Environmental Protection Agency Administrator Scott Pruitt said Monday in Kentucky that he plans to sign a proposed rule tomorrow repealing the plan, which aimed to restrict greenhouse gas emissions from coal-fired power plants, according to the Associated Press.
“The war on coal is over,” Pruitt declared at an event with Senate Majority Leader Mitch McConnell (R-KY) in Hazard, Kentucky.
The decision was not unexpected, as President Donald Trump has made the rollback of the regulation a top priority for his administration. The AP also reported that the EPA is expected to declare that the rule — a centerpiece of the Obama administration’s environmental policies — exceeded federal law by setting emissions standards that power plants could not reasonably meet.
“The EPA and no federal agency should ever use its authority to say to you we are going to declare war on any sector of our economy,” Pruitt said on Monday.
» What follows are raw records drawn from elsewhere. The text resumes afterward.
(* For every $b,b'\in\mathbb R$ and all $p,q\in\Delta_d$, \[ \ell^\Theta_{\mathrm C}(L_bp,L_{b'}q)\le\ell^\Theta_{\mathrm C}(p,q)+\Delta^{-1/2}|b-b'|. \]
   Context: $\Theta=\{\theta_1<\dots<\theta_d\}$ with constant stride $\Delta>0$; $\Delta_d$ the probability simplex of $\mathbb R^d$. For $u\in\Delta_d$, $\eta^{u,0}:=\sum_ku_k\delta_{\theta_k}$. Categorical projection $\Pi^\Theta_{\mathrm C}$: $\delta_x\mapsto\delta_{\theta_1}$ if $x\le\theta_1$, $\delta_{\theta_d}$ if $x\ge\theta_d$, $\frac{\theta_{k+1}-x}{\Delta}\delta_{\theta_k}+\frac{x-\theta_k}{\Delta}\delta_{\theta_{k+1}}$ if $\theta_k\le x\le\theta_{k+1}$, extended linearly to laws. For $b\in\mathbb R$, $L_b:\Delta_d\to\Delta_d$ is defined by $\Pi^\Theta_{\mathrm C}(\text{law of }X+b,\ X\sim\eta^{u,0})=\eta^{L_bu,0}$. Coordinate Cramér metric: $F_u(\theta_k):=\sum_{j\le k}u_j$, $\ell^\Theta_{\mathrm C}(u,v)^2:=\Delta\sum_{k=1}^{d-1}(F_u(\theta_k)-F_v(\theta_k))^2$. *)

theory Defs
  imports Complex_Main
begin

text \<open>Vectors in R^d are functions nat => real indexed by 1..d.\<close>

definition theta :: "real \<Rightarrow> real \<Rightarrow> nat \<Rightarrow> real" where
  "theta t1 Dl k = t1 + (real k - 1) * Dl"

definition simplex :: "nat \<Rightarrow> (nat \<Rightarrow> real) set" where
  "simplex d = {u. (\<forall>k\<in>{1..d}. 0 \<le> u k) \<and> (\<Sum>k=1..d. u k) = 1}"

text \<open>Categorical projection of the Dirac mass at x, as a weight vector on the grid.
  For theta_1 < x < theta_d, j is the index with theta_j <= x < theta_(j+1).\<close>
definition cat_proj_dirac :: "real \<Rightarrow> real \<Rightarrow> nat \<Rightarrow> real \<Rightarrow> nat \<Rightarrow> real" where
  "cat_proj_dirac t1 Dl d x k =
     (if x \<le> theta t1 Dl 1 then (if k = 1 then 1 else 0)
      else if x \<ge> theta t1 Dl d then (if k = d then 1 else 0)
      else (let j = nat \<lfloor>(x - t1) / Dl\<rfloor> + 1 in
              if k = j then (theta t1 Dl (j+1) - x) / Dl
              else if k = j + 1 then (x - theta t1 Dl j) / Dl
              else 0))"

text \<open>L_b u: categorical projection of the law of X + b with X ~ sum_k u_k delta_theta_k
  (projection extended linearly to mixtures).\<close>
definition L_shift :: "real \<Rightarrow> real \<Rightarrow> nat \<Rightarrow> real \<Rightarrow> (nat \<Rightarrow> real) \<Rightarrow> (nat \<Rightarrow> real)" where
  "L_shift t1 Dl d b u = (\<lambda>k. \<Sum>j=1..d. u j * cat_proj_dirac t1 Dl d (theta t1 Dl j + b) k)"

definition cdf_vec :: "(nat \<Rightarrow> real) \<Rightarrow> nat \<Rightarrow> real" where
  "cdf_vec u k = (\<Sum>j=1..k. u j)"

definition cramer_dist :: "real \<Rightarrow> nat \<Rightarrow> (nat \<Rightarrow> real) \<Rightarrow> (nat \<Rightarrow> real) \<Rightarrow> real" where
  "cramer_dist Dl d u v = sqrt (Dl * (\<Sum>k=1..d-1. (cdf_vec u k - cdf_vec v k)^2))"

end

theory Submission
  imports Defs "HOL-Analysis.L2_Norm" "HOL-Analysis.Convex"
begin

text \<open>The k-th coordinate of the CDF of the projected Dirac mass at y is a ramp h_k(y), falling from
  1 to 0 while y crosses [theta_k, theta_(k+1)], and the CDF of L_b u is sum_j u_j h_k(theta_j + b).
  Summation by parts writes the CDF difference of L_b p and L_b q as the CDF difference of p and q
  multiplied by the matrix of nonnegative entries h_k(theta_j + b) - h_k(theta_(j+1) + b). Its rows
  and columns sum to at most 1, so by the Schur test L_b does not expand the Cramer distance.
  Since the ramps h_k fall on disjoint intervals, changing the shift from b to b' moves the CDF of
  L_b q by at most |b - b'|/Dl in l1-norm, hence in l2-norm. The triangle inequality combines both
  estimates.\<close>

lemma theta_Suc: "theta t1 Dl (Suc k) = theta t1 Dl k + Dl"
  by (simp add: theta_def algebra_simps)

lemma theta_mono: "Dl \<ge> 0 \<Longrightarrow> i \<le> j \<Longrightarrow> theta t1 Dl i \<le> theta t1 Dl j"
  by (simp add: theta_def mult_right_mono)

lemma theta_floor_index:
  assumes "Dl > 0" and "theta t1 Dl 1 < x"
  defines "j \<equiv> nat \<lfloor>(x - t1) / Dl\<rfloor> + 1"
  shows "theta t1 Dl j \<le> x" and "x < theta t1 Dl (Suc j)"
proof -
  define r where "r = (x - t1) / Dl"
  have "0 < r"
    using assms by (simp add: theta_def r_def)
  then have "real j - 1 = of_int \<lfloor>r\<rfloor>"
    by (simp add: j_def r_def)
  then have "real j - 1 \<le> r" and "r < real j"
    by linarith+
  then have "(real j - 1) * Dl \<le> x - t1" and "x - t1 < real j * Dl"
    using assms(1) by (simp_all add: r_def le_divide_eq divide_less_eq)
  then show "theta t1 Dl j \<le> x" and "x < theta t1 Dl (Suc j)"
    by (simp_all add: theta_def)
qed

definition clamp :: "real \<Rightarrow> real \<Rightarrow> real \<Rightarrow> real" where
  "clamp a c y = max a (min c y)"

lemma clamp_split: "a \<le> b \<Longrightarrow> b \<le> c \<Longrightarrow> clamp a b y + clamp b c y = clamp a c y + b"
  by (simp add: clamp_def max_def min_def)

lemma clamp_mono_diff_le:
  "a \<le> c \<Longrightarrow> x \<le> x' \<Longrightarrow>
    0 \<le> clamp a c x' - clamp a c x \<and> clamp a c x' - clamp a c x \<le> x' - x"
  by (simp add: clamp_def max_def min_def)

lemma sum_clamp_theta_diff:
  assumes "Dl \<ge> 0"
  shows "(\<Sum>k=1..n. clamp (theta t1 Dl k) (theta t1 Dl (Suc k)) y'
                    - clamp (theta t1 Dl k) (theta t1 Dl (Suc k)) y)
       = clamp (theta t1 Dl 1) (theta t1 Dl (Suc n)) y' - clamp (theta t1 Dl 1) (theta t1 Dl (Suc n)) y"
proof (induction n)
  case (Suc n)
  have "theta t1 Dl 1 \<le> theta t1 Dl (Suc n)" "theta t1 Dl (Suc n) \<le> theta t1 Dl (Suc (Suc n))"
    using theta_mono[OF assms] by auto
  from clamp_split[OF this, of y] clamp_split[OF this, of y'] show ?case
    using Suc by (simp add: algebra_simps)
qed (simp add: clamp_def)

definition proj_dirac_cdf :: "real \<Rightarrow> real \<Rightarrow> nat \<Rightarrow> real \<Rightarrow> real" where
  "proj_dirac_cdf t1 Dl k y =
     (theta t1 Dl (Suc k) - clamp (theta t1 Dl k) (theta t1 Dl (Suc k)) y) / Dl"

lemma proj_dirac_cdf_bounds: "Dl > 0 \<Longrightarrow> 0 \<le> proj_dirac_cdf t1 Dl k y \<and> proj_dirac_cdf t1 Dl k y \<le> 1"
  by (simp add: proj_dirac_cdf_def clamp_def theta_Suc max_def min_def divide_simps)

lemma proj_dirac_cdf_eq_1: "Dl > 0 \<Longrightarrow> y \<le> theta t1 Dl k \<Longrightarrow> proj_dirac_cdf t1 Dl k y = 1"
  by (simp add: proj_dirac_cdf_def clamp_def theta_Suc)

lemma proj_dirac_cdf_eq_0: "Dl > 0 \<Longrightarrow> theta t1 Dl (Suc k) \<le> y \<Longrightarrow> proj_dirac_cdf t1 Dl k y = 0"
  by (simp add: proj_dirac_cdf_def clamp_def theta_Suc)

lemma proj_dirac_cdf_antimono:
  assumes "Dl > 0" and "y \<le> y'"
  shows "proj_dirac_cdf t1 Dl k y' \<le> proj_dirac_cdf t1 Dl k y"
  using clamp_mono_diff_le[OF theta_mono assms(2), of Dl k "Suc k" t1] assms(1)
  by (simp add: proj_dirac_cdf_def divide_right_mono)

lemma sum_proj_dirac_cdf_diff_le:
  assumes "Dl > 0" and "y \<le> y'"
  shows "(\<Sum>k=1..n. proj_dirac_cdf t1 Dl k y - proj_dirac_cdf t1 Dl k y') \<le> (y' - y) / Dl"
proof -
  have "(\<Sum>k=1..n. proj_dirac_cdf t1 Dl k y - proj_dirac_cdf t1 Dl k y')
      = (\<Sum>k=1..n. clamp (theta t1 Dl k) (theta t1 Dl (Suc k)) y'
                    - clamp (theta t1 Dl k) (theta t1 Dl (Suc k)) y) / Dl"
    by (simp add: proj_dirac_cdf_def sum_divide_distrib diff_divide_distrib)
  also have "\<dots> = (clamp (theta t1 Dl 1) (theta t1 Dl (Suc n)) y'
                    - clamp (theta t1 Dl 1) (theta t1 Dl (Suc n)) y) / Dl"
    using sum_clamp_theta_diff[OF less_imp_le[OF assms(1)]] by simp
  also have "\<dots> \<le> (y' - y) / Dl"
    using clamp_mono_diff_le[OF theta_mono assms(2), of Dl 1 "Suc n" t1] assms(1)
    by (simp add: divide_right_mono)
  finally show ?thesis .
qed

lemma sum_abs_proj_dirac_cdf_diff_le:
  assumes "Dl > 0"
  shows "(\<Sum>k=1..n. \<bar>proj_dirac_cdf t1 Dl k y - proj_dirac_cdf t1 Dl k y'\<bar>) \<le> \<bar>y - y'\<bar> / Dl"
proof (cases "y \<le> y'")
  case True
  then show ?thesis
    using sum_proj_dirac_cdf_diff_le[OF assms True] proj_dirac_cdf_antimono[OF assms True]
    by simp
next
  case False
  then have y'y: "y' \<le> y" by simp
  show ?thesis
    using sum_proj_dirac_cdf_diff_le[OF assms y'y] proj_dirac_cdf_antimono[OF assms y'y] y'y
    by simp
qed

lemma cdf_cat_proj_dirac:
  assumes "Dl > 0" and "1 \<le> k" and "k < d"
  shows "cdf_vec (cat_proj_dirac t1 Dl d x) k = proj_dirac_cdf t1 Dl k x"
proof -
  consider (left) "x \<le> theta t1 Dl 1" | (right) "theta t1 Dl 1 < x" "theta t1 Dl d \<le> x"
    | (inner) "theta t1 Dl 1 < x" "x < theta t1 Dl d"
    by linarith
  then show ?thesis
  proof cases
    case left
    then have "x \<le> theta t1 Dl k"
      using theta_mono[of Dl 1 k t1] assms by linarith
    then show ?thesis
      using left assms by (simp add: cdf_vec_def cat_proj_dirac_def proj_dirac_cdf_eq_1)
  next
    case right
    then have "theta t1 Dl (Suc k) \<le> x"
      using theta_mono[of Dl "Suc k" d t1] assms by linarith
    then show ?thesis
      using right assms by (simp add: cdf_vec_def cat_proj_dirac_def proj_dirac_cdf_eq_0)
  next
    case inner
    define j where "j = nat \<lfloor>(x - t1) / Dl\<rfloor> + 1"
    have cell: "theta t1 Dl j \<le> x" "x < theta t1 Dl (Suc j)"
      using theta_floor_index[OF assms(1) inner(1)] by (simp_all add: j_def)
    define A where "A = (theta t1 Dl (Suc j) - x) / Dl"
    define B where "B = (x - theta t1 Dl j) / Dl"
    have "A + B = 1"
      using assms(1) by (simp add: A_def B_def theta_Suc field_simps)
    have "cat_proj_dirac t1 Dl d x = (\<lambda>i. (if i = j then A else 0) + (if i = Suc j then B else 0))"
      using inner by (auto simp: cat_proj_dirac_def Let_def j_def A_def B_def)
    then have cdf: "cdf_vec (cat_proj_dirac t1 Dl d x) k
                    = (if j \<le> k then A else 0) + (if Suc j \<le> k then B else 0)"
      by (simp add: cdf_vec_def sum.distrib j_def)
    consider "k < j" | "k = j" | "Suc j \<le> k"
      by linarith
    then show ?thesis
    proof cases
      case 1
      then have "theta t1 Dl (Suc k) \<le> x"
        using cell theta_mono[of Dl "Suc k" j t1] assms(1) by simp
      then show ?thesis
        using 1 cdf assms(1) by (simp add: proj_dirac_cdf_eq_0)
    next
      case 2
      then show ?thesis
        using cdf cell by (simp add: proj_dirac_cdf_def clamp_def A_def)
    next
      case 3
      then have "x \<le> theta t1 Dl k"
        using cell theta_mono[of Dl "Suc j" k t1] assms(1) by simp
      then show ?thesis
        using 3 cdf assms(1) \<open>A + B = 1\<close> by (simp add: proj_dirac_cdf_eq_1)
    qed
  qed
qed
Previously, the Associated Press had obtained a 43-page document outlining the federal agency’s plan to repeal the policy, which noted that the EPA wouldn’t offer an immediate replacement to the policy, but would seek public input on whether to curb climate-warming emissions from coal and natural gas power plants.
In March, Trump signed an executive order calling for a review of the EPA, but Monday’s announcement marks the agency’s first formal step to eliminate the regulation.
Trump has voiced doubts about the science of climate change and has blamed Obama’s efforts to reduce carbon emissions for hurting the coal mining and oil drilling industries.
Repealing the Clean Power Plan makes it less likely that the United States can fulfill its Paris climate agreement commitment to reduce emissions that are warming the planet and contributing to heat waves and sea-level rise, according to the New York Times.
In response to the administration’s announcement, the Natural Resources Defense Council posted on Twitter that the nonprofit plans to fight the proposed rule.
The Sierra Club also criticized the Trump administration’s decision describing the move as a “deadly mistake.”